* What to produce: Within the data that follows, set down exactly the lines from the one containing "ds) = sink_polynomial" through the one containing "Q)\<leftarrow>ds. smult (c", both ends included.

Dataset entries:
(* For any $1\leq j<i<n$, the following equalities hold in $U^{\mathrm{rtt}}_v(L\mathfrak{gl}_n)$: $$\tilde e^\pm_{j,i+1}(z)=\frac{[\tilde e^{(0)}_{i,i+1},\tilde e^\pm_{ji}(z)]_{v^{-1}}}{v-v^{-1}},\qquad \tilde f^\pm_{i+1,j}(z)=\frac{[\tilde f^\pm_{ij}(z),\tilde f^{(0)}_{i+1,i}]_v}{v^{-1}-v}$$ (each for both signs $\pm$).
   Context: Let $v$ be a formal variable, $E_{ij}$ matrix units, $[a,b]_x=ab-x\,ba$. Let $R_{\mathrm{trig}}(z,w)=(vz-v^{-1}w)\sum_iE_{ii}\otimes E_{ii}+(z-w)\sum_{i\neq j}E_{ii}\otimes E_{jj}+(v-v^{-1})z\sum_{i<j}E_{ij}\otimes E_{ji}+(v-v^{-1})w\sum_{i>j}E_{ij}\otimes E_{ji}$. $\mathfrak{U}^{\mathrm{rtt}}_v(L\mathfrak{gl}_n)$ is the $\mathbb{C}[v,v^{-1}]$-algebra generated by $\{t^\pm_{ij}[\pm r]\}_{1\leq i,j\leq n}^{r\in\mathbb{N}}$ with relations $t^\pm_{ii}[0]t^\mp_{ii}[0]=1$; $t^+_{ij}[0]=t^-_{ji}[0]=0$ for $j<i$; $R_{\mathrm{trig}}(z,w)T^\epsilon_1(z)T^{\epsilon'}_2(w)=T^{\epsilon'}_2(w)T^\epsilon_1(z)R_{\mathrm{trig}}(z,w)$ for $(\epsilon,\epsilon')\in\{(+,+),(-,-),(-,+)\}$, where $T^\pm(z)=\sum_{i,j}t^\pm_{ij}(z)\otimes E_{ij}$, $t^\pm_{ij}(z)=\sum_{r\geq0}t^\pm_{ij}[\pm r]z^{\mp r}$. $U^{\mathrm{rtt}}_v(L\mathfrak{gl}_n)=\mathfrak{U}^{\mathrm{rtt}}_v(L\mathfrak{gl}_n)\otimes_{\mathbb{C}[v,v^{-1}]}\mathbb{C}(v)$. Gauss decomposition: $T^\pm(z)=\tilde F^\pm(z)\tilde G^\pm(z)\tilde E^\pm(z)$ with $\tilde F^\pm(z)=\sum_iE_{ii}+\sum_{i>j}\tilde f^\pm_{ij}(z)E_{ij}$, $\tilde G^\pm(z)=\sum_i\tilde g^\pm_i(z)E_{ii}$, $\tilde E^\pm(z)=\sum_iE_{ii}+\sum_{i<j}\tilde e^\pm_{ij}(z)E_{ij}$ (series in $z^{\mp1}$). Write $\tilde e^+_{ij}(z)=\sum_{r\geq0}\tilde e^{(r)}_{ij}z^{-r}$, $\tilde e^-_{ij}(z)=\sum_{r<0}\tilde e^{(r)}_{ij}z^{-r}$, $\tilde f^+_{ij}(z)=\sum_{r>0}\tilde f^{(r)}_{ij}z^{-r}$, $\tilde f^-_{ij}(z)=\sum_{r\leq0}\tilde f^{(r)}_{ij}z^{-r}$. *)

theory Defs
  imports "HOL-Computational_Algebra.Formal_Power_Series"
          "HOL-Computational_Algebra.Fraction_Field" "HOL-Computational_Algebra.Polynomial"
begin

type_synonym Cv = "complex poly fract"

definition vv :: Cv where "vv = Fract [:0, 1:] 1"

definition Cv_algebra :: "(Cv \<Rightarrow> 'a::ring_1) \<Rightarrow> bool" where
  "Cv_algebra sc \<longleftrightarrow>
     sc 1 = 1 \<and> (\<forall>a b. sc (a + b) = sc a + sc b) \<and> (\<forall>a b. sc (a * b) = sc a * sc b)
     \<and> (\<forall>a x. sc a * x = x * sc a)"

...

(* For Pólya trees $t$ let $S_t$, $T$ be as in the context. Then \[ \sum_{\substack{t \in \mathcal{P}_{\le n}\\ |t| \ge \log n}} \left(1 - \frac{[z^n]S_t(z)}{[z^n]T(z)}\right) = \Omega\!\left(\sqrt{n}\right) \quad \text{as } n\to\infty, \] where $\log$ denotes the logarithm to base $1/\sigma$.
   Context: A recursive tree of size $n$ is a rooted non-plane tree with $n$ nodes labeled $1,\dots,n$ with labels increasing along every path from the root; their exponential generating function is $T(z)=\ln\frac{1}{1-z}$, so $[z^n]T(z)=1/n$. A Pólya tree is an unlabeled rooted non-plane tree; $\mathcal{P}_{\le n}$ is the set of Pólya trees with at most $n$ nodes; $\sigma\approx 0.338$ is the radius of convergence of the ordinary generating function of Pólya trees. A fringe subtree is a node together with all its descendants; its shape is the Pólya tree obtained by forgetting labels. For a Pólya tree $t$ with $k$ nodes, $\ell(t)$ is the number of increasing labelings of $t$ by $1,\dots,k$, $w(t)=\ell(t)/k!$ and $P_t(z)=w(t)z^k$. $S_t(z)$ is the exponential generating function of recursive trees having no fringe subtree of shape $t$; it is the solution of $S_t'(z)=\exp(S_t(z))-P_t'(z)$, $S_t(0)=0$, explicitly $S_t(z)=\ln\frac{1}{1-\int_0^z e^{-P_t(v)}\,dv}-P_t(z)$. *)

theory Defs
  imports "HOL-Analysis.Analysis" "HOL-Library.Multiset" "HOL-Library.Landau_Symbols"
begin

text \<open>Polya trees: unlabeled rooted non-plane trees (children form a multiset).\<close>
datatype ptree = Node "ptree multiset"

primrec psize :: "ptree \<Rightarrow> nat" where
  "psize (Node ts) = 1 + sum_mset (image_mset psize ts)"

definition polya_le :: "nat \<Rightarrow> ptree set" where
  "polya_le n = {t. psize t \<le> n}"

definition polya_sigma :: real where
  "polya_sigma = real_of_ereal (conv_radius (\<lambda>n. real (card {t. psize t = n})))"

==

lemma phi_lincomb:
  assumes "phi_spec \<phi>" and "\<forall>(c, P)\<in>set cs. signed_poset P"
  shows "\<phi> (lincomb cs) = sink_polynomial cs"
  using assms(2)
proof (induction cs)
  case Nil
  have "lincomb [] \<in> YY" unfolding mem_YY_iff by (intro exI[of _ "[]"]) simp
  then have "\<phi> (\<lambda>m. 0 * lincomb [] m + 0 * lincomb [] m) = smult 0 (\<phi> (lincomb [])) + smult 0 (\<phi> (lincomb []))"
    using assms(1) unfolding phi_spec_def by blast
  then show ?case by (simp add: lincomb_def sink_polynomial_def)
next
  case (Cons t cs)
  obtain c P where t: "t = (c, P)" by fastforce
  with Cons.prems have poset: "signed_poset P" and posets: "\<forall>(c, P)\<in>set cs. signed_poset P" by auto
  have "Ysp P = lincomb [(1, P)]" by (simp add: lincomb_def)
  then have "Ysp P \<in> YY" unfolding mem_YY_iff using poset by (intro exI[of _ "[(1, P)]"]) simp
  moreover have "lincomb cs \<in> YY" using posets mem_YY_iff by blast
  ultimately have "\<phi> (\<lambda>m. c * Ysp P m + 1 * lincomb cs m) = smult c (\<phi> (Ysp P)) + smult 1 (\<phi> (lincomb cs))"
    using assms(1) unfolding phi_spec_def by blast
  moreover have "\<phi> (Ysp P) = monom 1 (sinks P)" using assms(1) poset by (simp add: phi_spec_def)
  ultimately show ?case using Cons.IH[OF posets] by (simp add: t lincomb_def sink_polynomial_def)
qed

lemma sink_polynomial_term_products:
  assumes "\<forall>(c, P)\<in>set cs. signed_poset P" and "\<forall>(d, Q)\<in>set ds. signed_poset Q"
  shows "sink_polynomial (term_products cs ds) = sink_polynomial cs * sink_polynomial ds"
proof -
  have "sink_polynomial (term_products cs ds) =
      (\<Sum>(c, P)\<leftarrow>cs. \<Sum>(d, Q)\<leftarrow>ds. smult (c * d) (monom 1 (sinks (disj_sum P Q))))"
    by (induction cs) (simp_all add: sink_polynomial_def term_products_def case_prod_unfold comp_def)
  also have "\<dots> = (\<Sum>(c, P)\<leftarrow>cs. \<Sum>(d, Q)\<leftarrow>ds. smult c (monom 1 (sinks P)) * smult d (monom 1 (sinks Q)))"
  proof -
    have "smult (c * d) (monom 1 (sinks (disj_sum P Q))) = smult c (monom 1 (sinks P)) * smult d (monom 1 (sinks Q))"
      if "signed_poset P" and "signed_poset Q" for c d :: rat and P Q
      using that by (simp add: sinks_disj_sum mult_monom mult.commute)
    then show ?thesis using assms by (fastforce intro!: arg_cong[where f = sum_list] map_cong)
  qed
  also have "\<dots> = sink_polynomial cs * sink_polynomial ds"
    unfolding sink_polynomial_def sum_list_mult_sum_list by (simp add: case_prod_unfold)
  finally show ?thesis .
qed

* Output:
  shows "sink_polynomial (term_products cs ds) = sink_polynomial cs * sink_polynomial ds"
proof -
  have "sink_polynomial (term_products cs ds) =
      (\<Sum>(c, P)\<leftarrow>cs. \<Sum>(d, Q)\<leftarrow>ds. smult (c * d) (monom 1 (sinks (disj_sum P Q))))"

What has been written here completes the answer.